* [About this exercise]
Each record below must be written out exactly as given.

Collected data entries
^^^^^^^^^^^^^^^^

lemma l1_min_unique_and_certificate_in_subspace:
  assumes adj: "is_adjoint A As" and "ud \<in> l1" and V: "subspace V" "0 < dim V"
    and vd: "\<And>i. \<bar>A vd i\<bar> \<le> 1" "\<And>i. \<bar>A vd i\<bar> = 1 \<longleftrightarrow> i \<in> supp ud"
      "\<And>i. ud i \<noteq> 0 \<Longrightarrow> A vd i = sgn (ud i)" "0 < eps A ud vd"
    and v: "v \<in> V" "\<And>i. i \<in> supp ud \<Longrightarrow> A v i = A vd i" "\<And>i. \<bar>A v i - A vd i\<bar> \<le> eps A ud vd / 2"
    and c: "biorthogonal_in (\<lambda>i. As (unit_seq i)) (supp ud) V c"
  shows "(\<forall>u. is_l1_min (\<lambda>w. orth_proj V (As w) = orth_proj V (As ud)) u \<longleftrightarrow> u = ud) \<and>
     (\<exists>v\<in>V. (\<forall>i. \<bar>A v i\<bar> \<le> 1) \<and> (\<forall>i. \<bar>A v i\<bar> = 1 \<longleftrightarrow> i \<in> supp ud) \<and>
        eps A ud v \<ge> eps A ud vd / 2)"
proof -
  note pert = eps_perturbation[of A vd ud v, OF vd(1,2) v(2,3) vd(4)]
  have sgn: "A v i = sgn (ud i)" if "i \<in> supp ud" for i
    using v(2)[OF that] vd(3) that by (simp add: supp_def)
  have dual: "\<exists>c\<in>V. \<forall>i\<in>supp ud. A c i = (if i = j then 1 else 0)" if "j \<in> supp ud" for j
    using c that unfolding biorthogonal_in_def adjoint_unit_seq[OF adj] by blast
  have "(\<lambda>w. orth_proj V (As w) = orth_proj V (As ud)) = (\<lambda>w. \<forall>z\<in>V. inner (As w) z = inner (As ud) z)"
    using orth_proj_eq_iff[OF V] by auto
  then show ?thesis
    using l1_min_unique_if_certificate[OF adj \<open>ud \<in> l1\<close> v(1) sgn pert(1) dual] v(1) pert(2-4)
    by auto
qed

^^^^^^^^^^^^^^^^

* [Result for this exercise]
lemma l1_min_unique_and_certificate_in_subspace:
  assumes adj: "is_adjoint A As" and "ud \<in> l1" and V: "subspace V" "0 < dim V"
    and vd: "\<And>i. \<bar>A vd i\<bar> \<le> 1" "\<And>i. \<bar>A vd i\<bar> = 1 \<longleftrightarrow> i \<in> supp ud"
      "\<And>i. ud i \<noteq> 0 \<Longrightarrow> A vd i = sgn (ud i)" "0 < eps A ud vd"
    and v: "v \<in> V" "\<And>i. i \<in> supp ud \<Longrightarrow> A v i = A vd i" "\<And>i. \<bar>A v i - A vd i\<bar> \<le> eps A ud vd / 2"
    and c: "biorthogonal_in (\<lambda>i. As (unit_seq i)) (supp ud) V c"
  shows "(\<forall>u. is_l1_min (\<lambda>w. orth_proj V (As w) = orth_proj V (As ud)) u \<longleftrightarrow> u = ud) \<and>
     (\<exists>v\<in>V. (\<forall>i. \<bar>A v i\<bar> \<le> 1) \<and> (\<forall>i. \<bar>A v i\<bar> = 1 \<longleftrightarrow> i \<in> supp ud) \<and>
        eps A ud v \<ge> eps A ud vd / 2)"
proof -
  note pert = eps_perturbation[of A vd ud v, OF vd(1,2) v(2,3) vd(4)]
  have sgn: "A v i = sgn (ud i)" if "i \<in> supp ud" for i
    using v(2)[OF that] vd(3) that by (simp add: supp_def)
  have dual: "\<exists>c\<in>V. \<forall>i\<in>supp ud. A c i = (if i = j then 1 else 0)" if "j \<in> supp ud" for j
    using c that unfolding biorthogonal_in_def adjoint_unit_seq[OF adj] by blast
  have "(\<lambda>w. orth_proj V (As w) = orth_proj V (As ud)) = (\<lambda>w. \<forall>z\<in>V. inner (As w) z = inner (As ud) z)"
    using orth_proj_eq_iff[OF V] by auto
  then show ?thesis
    using l1_min_unique_if_certificate[OF adj \<open>ud \<in> l1\<close> v(1) sgn pert(1) dual] v(1) pert(2-4)
    by auto
qed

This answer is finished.